Stored data:
........
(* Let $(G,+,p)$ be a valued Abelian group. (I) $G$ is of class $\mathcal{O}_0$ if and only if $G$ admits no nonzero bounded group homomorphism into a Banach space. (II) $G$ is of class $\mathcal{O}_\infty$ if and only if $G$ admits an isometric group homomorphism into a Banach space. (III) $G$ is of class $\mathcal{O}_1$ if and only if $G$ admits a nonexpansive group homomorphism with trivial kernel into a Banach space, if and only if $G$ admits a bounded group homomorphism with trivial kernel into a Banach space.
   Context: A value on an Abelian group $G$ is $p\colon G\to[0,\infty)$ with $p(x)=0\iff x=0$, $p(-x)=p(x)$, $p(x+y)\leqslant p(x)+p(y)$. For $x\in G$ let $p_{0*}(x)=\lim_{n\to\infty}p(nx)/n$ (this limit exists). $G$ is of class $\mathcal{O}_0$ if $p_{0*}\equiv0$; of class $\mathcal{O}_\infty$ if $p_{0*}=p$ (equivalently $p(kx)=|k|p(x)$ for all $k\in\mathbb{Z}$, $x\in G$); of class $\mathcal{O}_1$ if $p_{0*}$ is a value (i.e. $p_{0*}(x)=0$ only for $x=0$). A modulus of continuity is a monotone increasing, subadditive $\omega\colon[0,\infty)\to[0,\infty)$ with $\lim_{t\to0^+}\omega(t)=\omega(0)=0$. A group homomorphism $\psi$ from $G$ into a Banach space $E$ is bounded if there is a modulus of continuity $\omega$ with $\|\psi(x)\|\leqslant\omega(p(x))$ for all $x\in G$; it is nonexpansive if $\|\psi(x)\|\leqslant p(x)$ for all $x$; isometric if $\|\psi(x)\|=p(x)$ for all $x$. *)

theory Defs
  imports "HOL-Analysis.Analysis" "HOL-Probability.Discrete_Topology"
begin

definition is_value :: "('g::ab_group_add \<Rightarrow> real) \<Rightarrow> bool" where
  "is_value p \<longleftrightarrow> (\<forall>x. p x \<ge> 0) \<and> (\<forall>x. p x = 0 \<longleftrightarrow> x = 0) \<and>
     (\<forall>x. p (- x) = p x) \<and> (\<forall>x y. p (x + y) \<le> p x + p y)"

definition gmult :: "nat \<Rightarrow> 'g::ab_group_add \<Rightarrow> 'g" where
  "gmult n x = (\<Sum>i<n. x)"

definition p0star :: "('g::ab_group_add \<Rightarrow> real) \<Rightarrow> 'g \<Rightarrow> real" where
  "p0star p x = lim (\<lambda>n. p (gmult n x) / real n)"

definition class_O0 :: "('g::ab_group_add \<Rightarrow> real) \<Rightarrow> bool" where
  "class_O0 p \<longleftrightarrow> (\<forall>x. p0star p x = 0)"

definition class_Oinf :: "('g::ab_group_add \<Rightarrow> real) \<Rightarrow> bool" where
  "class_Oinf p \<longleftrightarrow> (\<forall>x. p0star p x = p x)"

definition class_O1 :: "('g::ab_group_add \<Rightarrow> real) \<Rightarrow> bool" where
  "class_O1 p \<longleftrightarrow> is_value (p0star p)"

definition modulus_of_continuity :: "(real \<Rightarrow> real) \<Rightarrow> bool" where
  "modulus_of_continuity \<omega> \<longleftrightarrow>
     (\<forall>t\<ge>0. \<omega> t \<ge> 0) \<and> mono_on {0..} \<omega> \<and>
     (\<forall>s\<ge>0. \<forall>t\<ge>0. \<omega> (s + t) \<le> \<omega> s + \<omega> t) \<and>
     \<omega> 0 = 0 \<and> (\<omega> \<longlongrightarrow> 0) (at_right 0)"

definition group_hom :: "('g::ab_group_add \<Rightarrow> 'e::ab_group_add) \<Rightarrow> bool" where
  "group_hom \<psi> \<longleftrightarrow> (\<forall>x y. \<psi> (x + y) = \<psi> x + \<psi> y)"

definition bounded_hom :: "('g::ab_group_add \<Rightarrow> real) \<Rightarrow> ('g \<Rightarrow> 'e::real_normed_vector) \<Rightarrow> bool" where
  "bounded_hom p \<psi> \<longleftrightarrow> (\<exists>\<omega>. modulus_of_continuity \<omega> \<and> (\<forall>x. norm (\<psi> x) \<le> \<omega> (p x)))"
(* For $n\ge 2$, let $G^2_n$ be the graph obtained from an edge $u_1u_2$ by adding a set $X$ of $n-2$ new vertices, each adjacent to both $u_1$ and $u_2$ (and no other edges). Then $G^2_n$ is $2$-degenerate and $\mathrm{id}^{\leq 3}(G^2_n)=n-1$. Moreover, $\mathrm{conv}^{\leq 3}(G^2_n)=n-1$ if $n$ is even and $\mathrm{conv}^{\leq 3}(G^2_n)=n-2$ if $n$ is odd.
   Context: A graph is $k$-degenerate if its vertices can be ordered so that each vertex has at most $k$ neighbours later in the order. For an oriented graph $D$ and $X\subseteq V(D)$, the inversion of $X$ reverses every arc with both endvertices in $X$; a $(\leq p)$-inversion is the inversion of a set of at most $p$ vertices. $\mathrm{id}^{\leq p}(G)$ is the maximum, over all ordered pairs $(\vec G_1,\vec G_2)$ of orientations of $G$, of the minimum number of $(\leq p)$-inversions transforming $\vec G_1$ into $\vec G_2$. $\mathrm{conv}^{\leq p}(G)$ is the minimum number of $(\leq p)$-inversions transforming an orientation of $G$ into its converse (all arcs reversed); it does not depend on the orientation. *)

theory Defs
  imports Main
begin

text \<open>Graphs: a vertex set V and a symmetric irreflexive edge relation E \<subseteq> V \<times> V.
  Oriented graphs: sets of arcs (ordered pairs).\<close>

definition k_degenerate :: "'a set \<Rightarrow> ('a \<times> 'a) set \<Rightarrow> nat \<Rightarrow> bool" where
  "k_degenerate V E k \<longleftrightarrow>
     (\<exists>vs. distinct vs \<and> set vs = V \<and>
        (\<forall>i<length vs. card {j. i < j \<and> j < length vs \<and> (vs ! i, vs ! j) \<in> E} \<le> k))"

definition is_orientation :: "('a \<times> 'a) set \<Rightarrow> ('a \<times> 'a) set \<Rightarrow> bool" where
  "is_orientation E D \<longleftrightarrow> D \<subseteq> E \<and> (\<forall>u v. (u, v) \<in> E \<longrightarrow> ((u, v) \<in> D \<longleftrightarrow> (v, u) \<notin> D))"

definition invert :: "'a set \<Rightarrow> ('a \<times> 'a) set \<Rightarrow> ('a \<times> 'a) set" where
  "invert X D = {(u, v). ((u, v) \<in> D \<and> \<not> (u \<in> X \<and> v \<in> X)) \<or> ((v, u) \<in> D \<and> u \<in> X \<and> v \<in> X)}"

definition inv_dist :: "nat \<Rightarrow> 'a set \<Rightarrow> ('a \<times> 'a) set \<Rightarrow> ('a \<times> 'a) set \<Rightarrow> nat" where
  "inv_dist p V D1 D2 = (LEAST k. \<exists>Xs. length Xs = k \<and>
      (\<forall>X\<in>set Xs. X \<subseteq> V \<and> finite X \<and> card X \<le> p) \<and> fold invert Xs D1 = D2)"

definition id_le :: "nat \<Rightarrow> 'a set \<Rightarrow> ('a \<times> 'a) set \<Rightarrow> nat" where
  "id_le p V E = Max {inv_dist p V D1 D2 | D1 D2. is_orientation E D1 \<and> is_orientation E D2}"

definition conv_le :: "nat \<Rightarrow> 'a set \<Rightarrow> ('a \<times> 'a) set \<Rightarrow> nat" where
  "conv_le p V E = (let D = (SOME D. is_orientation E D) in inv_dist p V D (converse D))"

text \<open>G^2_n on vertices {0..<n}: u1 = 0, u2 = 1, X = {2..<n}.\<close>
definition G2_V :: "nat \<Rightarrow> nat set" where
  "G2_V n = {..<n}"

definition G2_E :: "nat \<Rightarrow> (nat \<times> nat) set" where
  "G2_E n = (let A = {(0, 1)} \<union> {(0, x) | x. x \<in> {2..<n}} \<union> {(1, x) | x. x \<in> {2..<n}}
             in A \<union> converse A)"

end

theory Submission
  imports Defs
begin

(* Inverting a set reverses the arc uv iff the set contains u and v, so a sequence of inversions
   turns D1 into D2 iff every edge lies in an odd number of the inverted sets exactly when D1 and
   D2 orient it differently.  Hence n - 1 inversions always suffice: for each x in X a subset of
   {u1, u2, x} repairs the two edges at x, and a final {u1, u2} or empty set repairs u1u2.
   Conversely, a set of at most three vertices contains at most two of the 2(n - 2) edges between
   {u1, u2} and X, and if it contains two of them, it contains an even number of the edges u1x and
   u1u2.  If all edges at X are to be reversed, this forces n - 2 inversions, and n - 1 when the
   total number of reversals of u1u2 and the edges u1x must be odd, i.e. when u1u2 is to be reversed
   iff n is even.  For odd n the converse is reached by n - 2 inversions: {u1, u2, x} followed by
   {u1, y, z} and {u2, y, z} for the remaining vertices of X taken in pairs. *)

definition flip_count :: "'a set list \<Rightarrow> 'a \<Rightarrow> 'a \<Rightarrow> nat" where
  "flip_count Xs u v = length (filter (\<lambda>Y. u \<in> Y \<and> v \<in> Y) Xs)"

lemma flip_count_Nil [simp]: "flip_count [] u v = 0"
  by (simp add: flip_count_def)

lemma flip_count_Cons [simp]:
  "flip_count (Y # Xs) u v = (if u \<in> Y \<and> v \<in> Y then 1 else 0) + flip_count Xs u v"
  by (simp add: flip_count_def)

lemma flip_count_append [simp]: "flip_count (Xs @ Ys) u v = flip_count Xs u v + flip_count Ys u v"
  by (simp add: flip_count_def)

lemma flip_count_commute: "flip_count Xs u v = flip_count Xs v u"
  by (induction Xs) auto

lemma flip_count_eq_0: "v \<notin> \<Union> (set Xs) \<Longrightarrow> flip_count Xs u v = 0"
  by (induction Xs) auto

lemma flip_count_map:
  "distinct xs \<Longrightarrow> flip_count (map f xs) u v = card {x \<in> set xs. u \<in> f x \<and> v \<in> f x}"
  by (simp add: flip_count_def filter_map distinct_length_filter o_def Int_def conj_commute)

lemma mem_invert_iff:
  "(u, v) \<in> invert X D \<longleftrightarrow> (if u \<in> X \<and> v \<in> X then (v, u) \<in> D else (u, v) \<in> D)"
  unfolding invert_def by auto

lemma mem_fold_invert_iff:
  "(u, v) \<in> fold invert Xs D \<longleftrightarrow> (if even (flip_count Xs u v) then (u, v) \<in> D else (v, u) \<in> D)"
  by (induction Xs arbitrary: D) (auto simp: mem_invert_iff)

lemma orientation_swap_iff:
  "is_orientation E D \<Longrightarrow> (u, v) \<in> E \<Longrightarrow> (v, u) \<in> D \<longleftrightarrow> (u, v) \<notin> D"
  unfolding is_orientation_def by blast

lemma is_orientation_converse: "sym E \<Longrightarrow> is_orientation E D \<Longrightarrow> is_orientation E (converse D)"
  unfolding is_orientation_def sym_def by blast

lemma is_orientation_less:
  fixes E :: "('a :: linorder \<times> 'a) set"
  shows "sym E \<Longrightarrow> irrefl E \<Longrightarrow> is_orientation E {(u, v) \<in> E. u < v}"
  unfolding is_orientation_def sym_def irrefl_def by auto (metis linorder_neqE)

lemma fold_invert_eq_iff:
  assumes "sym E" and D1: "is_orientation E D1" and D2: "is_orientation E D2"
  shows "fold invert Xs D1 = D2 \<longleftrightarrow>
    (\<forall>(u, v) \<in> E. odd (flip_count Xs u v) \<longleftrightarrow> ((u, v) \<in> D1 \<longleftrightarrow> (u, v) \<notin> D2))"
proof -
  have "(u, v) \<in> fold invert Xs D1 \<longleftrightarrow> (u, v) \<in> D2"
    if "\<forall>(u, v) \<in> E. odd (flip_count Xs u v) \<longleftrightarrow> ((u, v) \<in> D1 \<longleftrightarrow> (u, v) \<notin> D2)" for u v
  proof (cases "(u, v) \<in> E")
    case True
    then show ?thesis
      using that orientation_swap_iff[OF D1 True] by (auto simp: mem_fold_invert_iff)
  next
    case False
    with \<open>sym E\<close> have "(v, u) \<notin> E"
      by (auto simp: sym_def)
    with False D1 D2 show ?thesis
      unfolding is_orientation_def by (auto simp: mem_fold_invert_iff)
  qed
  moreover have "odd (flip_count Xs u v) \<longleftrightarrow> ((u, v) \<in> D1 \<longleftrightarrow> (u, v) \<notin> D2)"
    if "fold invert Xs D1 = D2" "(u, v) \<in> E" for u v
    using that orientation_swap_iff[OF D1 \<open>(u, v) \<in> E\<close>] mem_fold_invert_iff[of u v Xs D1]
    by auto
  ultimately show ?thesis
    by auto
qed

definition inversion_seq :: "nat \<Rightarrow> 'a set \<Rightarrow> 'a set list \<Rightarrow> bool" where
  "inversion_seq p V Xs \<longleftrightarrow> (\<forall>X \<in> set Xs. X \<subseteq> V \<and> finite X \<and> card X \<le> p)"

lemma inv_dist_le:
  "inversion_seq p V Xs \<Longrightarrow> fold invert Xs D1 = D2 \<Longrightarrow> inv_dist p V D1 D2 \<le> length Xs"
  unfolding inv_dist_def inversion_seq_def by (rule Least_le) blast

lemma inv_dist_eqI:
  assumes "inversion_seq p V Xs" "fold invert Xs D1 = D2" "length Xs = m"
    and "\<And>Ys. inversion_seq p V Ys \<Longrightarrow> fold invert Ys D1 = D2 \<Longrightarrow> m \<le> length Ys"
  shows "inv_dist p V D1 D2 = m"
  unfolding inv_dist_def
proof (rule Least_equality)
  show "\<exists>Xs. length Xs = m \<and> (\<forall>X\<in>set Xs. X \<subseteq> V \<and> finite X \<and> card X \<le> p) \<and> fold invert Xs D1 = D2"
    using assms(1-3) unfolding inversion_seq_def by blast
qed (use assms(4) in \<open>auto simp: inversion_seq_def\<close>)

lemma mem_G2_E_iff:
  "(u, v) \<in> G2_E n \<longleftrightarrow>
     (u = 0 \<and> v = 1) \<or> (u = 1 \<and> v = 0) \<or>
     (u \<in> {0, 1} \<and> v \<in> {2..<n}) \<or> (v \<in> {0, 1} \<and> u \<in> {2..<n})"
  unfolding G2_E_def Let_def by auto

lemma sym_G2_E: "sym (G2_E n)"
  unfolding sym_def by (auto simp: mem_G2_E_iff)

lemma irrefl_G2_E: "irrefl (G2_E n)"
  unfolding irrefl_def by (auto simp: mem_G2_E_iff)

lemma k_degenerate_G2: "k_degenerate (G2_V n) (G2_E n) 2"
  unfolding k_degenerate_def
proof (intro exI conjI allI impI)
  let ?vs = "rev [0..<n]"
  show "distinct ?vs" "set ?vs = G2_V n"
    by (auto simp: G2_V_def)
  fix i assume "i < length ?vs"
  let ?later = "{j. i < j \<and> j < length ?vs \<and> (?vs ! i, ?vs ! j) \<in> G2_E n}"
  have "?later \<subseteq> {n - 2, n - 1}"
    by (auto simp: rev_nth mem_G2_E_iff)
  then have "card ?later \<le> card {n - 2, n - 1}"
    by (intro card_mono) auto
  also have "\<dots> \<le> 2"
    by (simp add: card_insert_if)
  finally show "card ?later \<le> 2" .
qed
........
EXERCISE GOAL:
Starting at the line that contains "fix i assume", quote each remaining line of the entries above, unchanged.

PROBLEM SOLUTION:
  fix i assume "i < length ?vs"
  let ?later = "{j. i < j \<and> j < length ?vs \<and> (?vs ! i, ?vs ! j) \<in> G2_E n}"
  have "?later \<subseteq> {n - 2, n - 1}"
    by (auto simp: rev_nth mem_G2_E_iff)
  then have "card ?later \<le> card {n - 2, n - 1}"
    by (intro card_mono) auto
  also have "\<dots> \<le> 2"
    by (simp add: card_insert_if)
  finally show "card ?later \<le> 2" .
qed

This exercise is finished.